SLA chapter president and MS student Courtney Busscher saw many students interact one-on-onoe with panelists. "We think it’s really important to connect students to professionals already in these fields so they can hear firsthand about the many opportunities that maybe they didn’t know about when they started at GSLIS," she said.

Alumni panelists spoke about the many ways in which they use the skills they gained at GSLIS in their current roles.
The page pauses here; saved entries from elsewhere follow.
lemma fock_inf_norm_triangle:
  assumes "f \<in> fock_inf \<alpha>" "g \<in> fock_inf \<alpha>"
  shows "fock_inf_norm \<alpha> f \<le> fock_inf_norm \<alpha> (\<lambda>z. f z - g z) + fock_inf_norm \<alpha> g"
proof (rule fock_inf_norm_le)
  fix z
  have "fock_modulus \<alpha> f z \<le> fock_modulus \<alpha> (\<lambda>z. f z - g z) z + fock_modulus \<alpha> g z"
    using fock_modulus_diff_le[of \<alpha> "\<lambda>z. f z - g z" "\<lambda>z. - g z" z] by (simp add: fock_modulus_def)
  also have "\<dots> \<le> fock_inf_norm \<alpha> (\<lambda>z. f z - g z) + fock_inf_norm \<alpha> g"
    using assms by (intro add_mono fock_modulus_le_norm fock_inf_diff_bdd) (auto simp: fock_inf_iff)
  finally show "fock_modulus \<alpha> f z \<le> fock_inf_norm \<alpha> (\<lambda>z. f z - g z) + fock_inf_norm \<alpha> g" .
qed

lemma fock_inf_compact_maps: "fock_inf_compact \<alpha> T \<Longrightarrow> f \<in> fock_inf \<alpha> \<Longrightarrow> T f \<in> fock_inf \<alpha>"
  by (simp add: fock_inf_compact_def)
definition rectifiable_path :: "(real \<Rightarrow> 'a::metric_space) \<Rightarrow> bool" where
  "rectifiable_path g \<longleftrightarrow> path g \<and> variation g 0 1 < \<infinity>"

definition arclen :: "(real \<Rightarrow> 'a::metric_space) \<Rightarrow> real \<Rightarrow> real" where
  "arclen g t = enn2real (variation g 0 (min 1 (max 0 t)))"

text \<open>Line integral int_g f |dz| (Lebesgue-Stieltjes integral with respect to arc length).\<close>
definition arclength_integral :: "(real \<Rightarrow> 'a::metric_space) \<Rightarrow> ('a \<Rightarrow> real) \<Rightarrow> ennreal" where
  "arclength_integral g f =
     (\<integral>\<^sup>+ t. ennreal (f (g t)) * indicator {0..1} t \<partial>(interval_measure (arclen g)))"

definition qh_dist :: "'a::euclidean_space set \<Rightarrow> 'a \<Rightarrow> 'a \<Rightarrow> ennreal" where
  "qh_dist G x y =
     (INF g \<in> {g. rectifiable_path g \<and> path_image g \<subseteq> G \<and> pathstart g = x \<and> pathfinish g = y}.
        arclength_integral g (\<lambda>z. 1 / infdist z (frontier G)))"

end

theory Submission
  imports Defs
begin

text \<open>Every point \<open>z\<close> of \<open>S\<^sub>\<alpha>\<close> lies within \<open>|z| sin(\<alpha>/2)\<close> of one of the two boundary rays, so
  the quasihyperbolic density satisfies \<open>1/d(z,\<partial>S\<^sub>\<alpha>) \<ge> 1/(|z| sin(\<alpha>/2))\<close>, and it remains to see
  that \<open>\<integral>\<^sub>\<gamma> |dz|/|z| \<ge> log(|x|/|y|)\<close> along any rectifiable curve \<open>\<gamma>\<close> from \<open>x\<close> to \<open>y\<close>.
  For this the integral is bounded below by a lower sum over a fine uniform partition
  \<open>t\<^sub>0 < \<dots> < t\<^sub>N\<close>: arc length dominates the chord \<open>|\<gamma>(t\<^sub>i) - \<gamma>(t\<^sub>i\<^sub>+\<^sub>1)| \<ge> |\<gamma>(t\<^sub>i)| - |\<gamma>(t\<^sub>i\<^sub>+\<^sub>1)|\<close>, and
  \<open>log u - log v \<le> (u - v)/v\<close> telescopes to \<open>log(|x|/|y|)\<close>, up to a factor \<open>r/(r+\<delta>)\<close> with
  \<open>r = min |\<gamma>|\<close> and \<open>\<delta>\<close> the oscillation of \<open>|\<gamma>|\<close> on a piece; this factor tends to 1.\<close>

lemma rcis_in_sector: "0 < \<rho> \<Longrightarrow> 0 < t \<Longrightarrow> t < \<alpha> \<Longrightarrow> rcis \<rho> t \<in> sector \<alpha>"
  unfolding sector_def by blast

lemma sector_iff:
  assumes "0 < \<alpha>" "\<alpha> \<le> pi"
  shows "z \<in> sector \<alpha> \<longleftrightarrow> 0 < Im z \<and> Im (z * cis (-\<alpha>)) < 0"
proof
  assume "z \<in> sector \<alpha>"
  then obtain \<rho> t where r: "\<rho> > 0" "0 < t" "t < \<alpha>" "z = rcis \<rho> t"
    unfolding sector_def by blast
  have "sin t > 0" "sin (\<alpha> - t) > 0" using r assms by (auto intro: sin_gt_zero)
  moreover have "z * cis (-\<alpha>) = rcis \<rho> (t - \<alpha>)" using r by (simp add: rcis_def cis_mult)
  ultimately show "0 < Im z \<and> Im (z * cis (-\<alpha>)) < 0"
    using r sin_minus[of "\<alpha> - t"] by (simp add: mult_pos_neg)
next
  assume h: "0 < Im z \<and> Im (z * cis (-\<alpha>)) < 0"
  define \<theta> where "\<theta> = Arg z"
  have z0: "z \<noteq> 0" using h by auto
  have zr: "z = rcis (cmod z) \<theta>" unfolding \<theta>_def by (simp add: rcis_cmod_Arg)
  have th: "0 < \<theta>" "\<theta> < pi" using Arg_lt_pi h \<theta>_def by auto
  have "z * cis (-\<alpha>) = rcis (cmod z) (\<theta> - \<alpha>)" by (subst zr) (simp add: rcis_def cis_mult)
  hence "sin (\<theta> - \<alpha>) < 0" using h z0 by (simp add: mult_less_0_iff)
  hence "\<theta> < \<alpha>" using th assms sin_ge_zero[of "\<theta> - \<alpha>"] by force
  thus "z \<in> sector \<alpha>" using zr th z0 rcis_in_sector[of "cmod z" \<theta> \<alpha>] by simp
qed

lemma zero_notin_sector: "0 < \<alpha> \<Longrightarrow> \<alpha> \<le> pi \<Longrightarrow> 0 \<notin> sector \<alpha>"
  by (simp add: sector_iff)

lemma open_sector:
  assumes "0 < \<alpha>" "\<alpha> \<le> pi"
  shows "open (sector \<alpha>)"
proof -
  have "sector \<alpha> = {z. 0 < Im z} \<inter> {z. Im (z * cis (-\<alpha>)) < 0}"
    using sector_iff[OF assms] by auto
  thus ?thesis by (auto intro!: open_Int open_Collect_less continuous_intros)
qed

lemma frontier_sector_if_limit:
  assumes "0 < \<alpha>" "\<alpha> \<le> pi" and "p \<notin> sector \<alpha>"
    and lim: "(f \<longlongrightarrow> p) (at_right (0::real))"
    and in_sector: "\<And>s. 0 < s \<Longrightarrow> s < \<alpha> \<Longrightarrow> f s \<in> sector \<alpha>"
  shows "p \<in> frontier (sector \<alpha>)"
proof -
  have "eventually (\<lambda>s. f s \<in> closure (sector \<alpha>)) (at_right (0::real))"
    unfolding eventually_at_right_field using assms(1) in_sector closure_subset by blast
  hence "p \<in> closure (sector \<alpha>)"
    using Lim_in_closed_set[OF closed_closure _ _ lim] by simp
  thus ?thesis using assms(3) open_sector[OF assms(1,2)] by (simp add: frontier_def interior_open)
qed

lemma of_real_in_frontier_sector:
  assumes "0 < \<alpha>" "\<alpha> \<le> pi" "0 \<le> q"
  shows "complex_of_real q \<in> frontier (sector \<alpha>)"
proof (rule frontier_sector_if_limit[OF assms(1,2), where f = "\<lambda>s. rcis (q + s) s"])
  show "complex_of_real q \<notin> sector \<alpha>" using sector_iff[OF assms(1,2)] by simp
  have "((\<lambda>s. rcis (q + s) s) \<longlongrightarrow> rcis (q + 0) 0) (at_right 0)"
    unfolding rcis_def by (intro tendsto_intros)
  thus "((\<lambda>s. rcis (q + s) s) \<longlongrightarrow> complex_of_real q) (at_right 0)" by simp
qed (use assms in \<open>auto intro: rcis_in_sector\<close>)

lemma rcis_in_frontier_sector:
  assumes "0 < \<alpha>" "\<alpha> \<le> pi" "0 \<le> q"
  shows "rcis q \<alpha> \<in> frontier (sector \<alpha>)"
proof (rule frontier_sector_if_limit[OF assms(1,2), where f = "\<lambda>s. rcis (q + s) (\<alpha> - s)"])
  have "rcis q \<alpha> * cis (-\<alpha>) = complex_of_real q" by (simp add: rcis_def cis_mult)
  thus "rcis q \<alpha> \<notin> sector \<alpha>" using sector_iff[OF assms(1,2), of "rcis q \<alpha>"] by simp
  have "((\<lambda>s. rcis (q + s) (\<alpha> - s)) \<longlongrightarrow> rcis (q + 0) (\<alpha> - 0)) (at_right 0)"
    unfolding rcis_def by (intro tendsto_intros)
  thus "((\<lambda>s. rcis (q + s) (\<alpha> - s)) \<longlongrightarrow> rcis q \<alpha>) (at_right 0)" by simp
qed (use assms in \<open>auto intro: rcis_in_sector\<close>)

lemma dist_rcis_of_real_cos:
  assumes "0 \<le> \<rho>"
  shows "dist (rcis \<rho> t) (complex_of_real (\<rho> * cos t)) = \<rho> * \<bar>sin t\<bar>"
proof -
  have "rcis \<rho> t - complex_of_real (\<rho> * cos t) = \<i> * complex_of_real (\<rho> * sin t)"
    by (simp add: complex_eq_iff)
  thus ?thesis using \<open>0 \<le> \<rho>\<close> by (simp add: dist_norm norm_mult abs_mult)
qed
Beth Watkins (MS '02), education and publications coordinator at the University of Illinois’s Spurlock Museum, cited her research expertise and the ability to work well with teams and across disciplines as important skill sets that she developed as an iSchool student.

Watkins encouraged students with an interest in her kind of work to visit museums, volunteer, and apply the knowledge gained at GSLIS to develop their careers in that direction. "Try it, ask questions, feel free to put yourself and what you have to offer forward, and someone will leap at it," she said.

As the supervisor for intranet learning and talent solutions at Caterpillar, Karen MacKenzie (MS '96) applies traditional library skills, such as the cataloging process and the reference interview, to work at the intersection of human resources and information technology. In her role as both an HR and information professional, and with the perspective of an alumna, MacKenzie knows that GSLIS graduates are well-prepared for careers in the corporate world.

"Think about your skills in a broader way than strictly the way that you have been taught to think about them," she advised. "There are a lot of very transferable skills with this degree."